Work instruction. Search the entries for lines that contain the word "intro", and report each one found.

━━━━━ Listed records

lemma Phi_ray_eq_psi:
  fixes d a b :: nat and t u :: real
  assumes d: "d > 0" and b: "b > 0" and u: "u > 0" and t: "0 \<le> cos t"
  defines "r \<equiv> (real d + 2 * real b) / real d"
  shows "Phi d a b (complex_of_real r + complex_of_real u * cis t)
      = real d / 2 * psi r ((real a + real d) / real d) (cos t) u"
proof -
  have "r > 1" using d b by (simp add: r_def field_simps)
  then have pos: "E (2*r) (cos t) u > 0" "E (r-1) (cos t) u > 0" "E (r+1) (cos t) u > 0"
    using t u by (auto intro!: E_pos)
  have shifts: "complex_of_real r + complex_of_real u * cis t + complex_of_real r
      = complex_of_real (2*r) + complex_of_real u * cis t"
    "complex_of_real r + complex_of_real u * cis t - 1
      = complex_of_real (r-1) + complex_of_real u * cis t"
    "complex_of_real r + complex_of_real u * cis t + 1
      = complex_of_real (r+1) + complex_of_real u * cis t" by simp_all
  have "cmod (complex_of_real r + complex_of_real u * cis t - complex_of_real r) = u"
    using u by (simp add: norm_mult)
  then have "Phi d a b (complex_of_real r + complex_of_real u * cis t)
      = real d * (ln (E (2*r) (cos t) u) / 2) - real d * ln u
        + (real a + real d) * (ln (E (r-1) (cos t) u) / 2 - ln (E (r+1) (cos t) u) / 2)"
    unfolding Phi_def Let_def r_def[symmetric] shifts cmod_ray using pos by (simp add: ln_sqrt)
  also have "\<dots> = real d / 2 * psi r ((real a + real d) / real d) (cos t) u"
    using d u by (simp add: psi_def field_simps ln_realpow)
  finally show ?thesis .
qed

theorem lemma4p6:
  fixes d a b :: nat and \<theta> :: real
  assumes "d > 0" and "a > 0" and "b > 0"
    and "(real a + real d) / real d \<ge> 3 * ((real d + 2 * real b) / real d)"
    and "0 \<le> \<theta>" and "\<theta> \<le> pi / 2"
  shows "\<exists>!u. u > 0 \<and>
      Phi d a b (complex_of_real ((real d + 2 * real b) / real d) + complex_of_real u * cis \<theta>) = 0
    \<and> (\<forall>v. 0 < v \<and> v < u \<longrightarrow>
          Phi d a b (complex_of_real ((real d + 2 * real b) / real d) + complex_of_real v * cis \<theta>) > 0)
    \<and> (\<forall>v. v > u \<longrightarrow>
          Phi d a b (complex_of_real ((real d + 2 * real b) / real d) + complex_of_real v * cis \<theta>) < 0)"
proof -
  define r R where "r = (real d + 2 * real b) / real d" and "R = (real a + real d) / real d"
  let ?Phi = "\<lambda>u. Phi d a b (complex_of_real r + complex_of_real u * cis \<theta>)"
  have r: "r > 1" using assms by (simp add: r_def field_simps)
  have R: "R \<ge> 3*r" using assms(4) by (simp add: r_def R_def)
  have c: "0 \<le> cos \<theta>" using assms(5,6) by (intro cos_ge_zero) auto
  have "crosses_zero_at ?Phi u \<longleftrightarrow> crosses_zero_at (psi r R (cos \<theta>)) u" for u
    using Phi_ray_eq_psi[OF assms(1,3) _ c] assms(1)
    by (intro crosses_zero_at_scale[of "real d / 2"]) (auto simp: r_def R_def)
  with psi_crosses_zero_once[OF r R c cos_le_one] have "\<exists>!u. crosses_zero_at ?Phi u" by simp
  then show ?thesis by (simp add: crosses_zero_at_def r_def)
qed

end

━━━━━━━━━━
━━━━━ Listed records

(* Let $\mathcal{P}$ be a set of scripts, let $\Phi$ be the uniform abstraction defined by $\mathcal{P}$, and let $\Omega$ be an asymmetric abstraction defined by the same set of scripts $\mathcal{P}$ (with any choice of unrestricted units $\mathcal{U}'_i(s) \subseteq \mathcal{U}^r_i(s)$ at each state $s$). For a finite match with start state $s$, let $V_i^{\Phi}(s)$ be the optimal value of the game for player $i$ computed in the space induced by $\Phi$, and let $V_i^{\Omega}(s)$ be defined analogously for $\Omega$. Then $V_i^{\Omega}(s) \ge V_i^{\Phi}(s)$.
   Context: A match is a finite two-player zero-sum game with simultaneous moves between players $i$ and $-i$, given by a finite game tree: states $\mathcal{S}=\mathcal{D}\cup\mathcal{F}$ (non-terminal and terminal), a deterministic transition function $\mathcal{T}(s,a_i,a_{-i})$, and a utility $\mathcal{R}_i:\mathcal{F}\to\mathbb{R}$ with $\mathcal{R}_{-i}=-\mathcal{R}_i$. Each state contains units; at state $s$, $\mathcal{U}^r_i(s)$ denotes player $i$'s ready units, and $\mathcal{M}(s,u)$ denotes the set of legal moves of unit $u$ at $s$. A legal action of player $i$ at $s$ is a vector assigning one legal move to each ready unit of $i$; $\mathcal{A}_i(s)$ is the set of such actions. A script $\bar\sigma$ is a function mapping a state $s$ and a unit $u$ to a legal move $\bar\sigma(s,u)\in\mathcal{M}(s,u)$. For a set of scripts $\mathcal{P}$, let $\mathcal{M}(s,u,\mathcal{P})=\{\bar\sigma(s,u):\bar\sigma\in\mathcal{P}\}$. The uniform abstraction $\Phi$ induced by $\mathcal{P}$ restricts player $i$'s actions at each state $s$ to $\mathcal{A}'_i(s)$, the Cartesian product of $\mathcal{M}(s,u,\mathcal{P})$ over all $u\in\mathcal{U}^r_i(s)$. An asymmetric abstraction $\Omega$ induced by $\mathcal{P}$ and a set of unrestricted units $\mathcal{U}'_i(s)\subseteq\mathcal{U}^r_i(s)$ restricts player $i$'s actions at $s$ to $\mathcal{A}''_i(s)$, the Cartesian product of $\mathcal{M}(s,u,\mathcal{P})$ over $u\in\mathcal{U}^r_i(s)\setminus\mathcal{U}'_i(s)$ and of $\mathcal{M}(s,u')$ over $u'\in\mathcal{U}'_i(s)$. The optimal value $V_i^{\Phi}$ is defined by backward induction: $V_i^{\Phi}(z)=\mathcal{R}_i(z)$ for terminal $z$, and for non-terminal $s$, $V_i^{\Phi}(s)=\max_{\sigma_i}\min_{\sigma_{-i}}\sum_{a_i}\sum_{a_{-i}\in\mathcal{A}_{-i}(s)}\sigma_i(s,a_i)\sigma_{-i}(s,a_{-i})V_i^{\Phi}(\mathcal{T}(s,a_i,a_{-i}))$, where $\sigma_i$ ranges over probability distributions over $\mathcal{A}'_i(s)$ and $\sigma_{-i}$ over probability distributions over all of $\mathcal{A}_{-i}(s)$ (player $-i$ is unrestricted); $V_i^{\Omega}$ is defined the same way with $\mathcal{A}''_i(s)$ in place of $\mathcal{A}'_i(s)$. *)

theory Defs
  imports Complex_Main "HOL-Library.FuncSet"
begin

━━━━━━━━━━

Solution.
    using t u by (auto intro!: E_pos)
  have c: "0 \<le> cos \<theta>" using assms(5,6) by (intro cos_ge_zero) auto
    by (intro crosses_zero_at_scale[of "real d / 2"]) (auto simp: r_def R_def)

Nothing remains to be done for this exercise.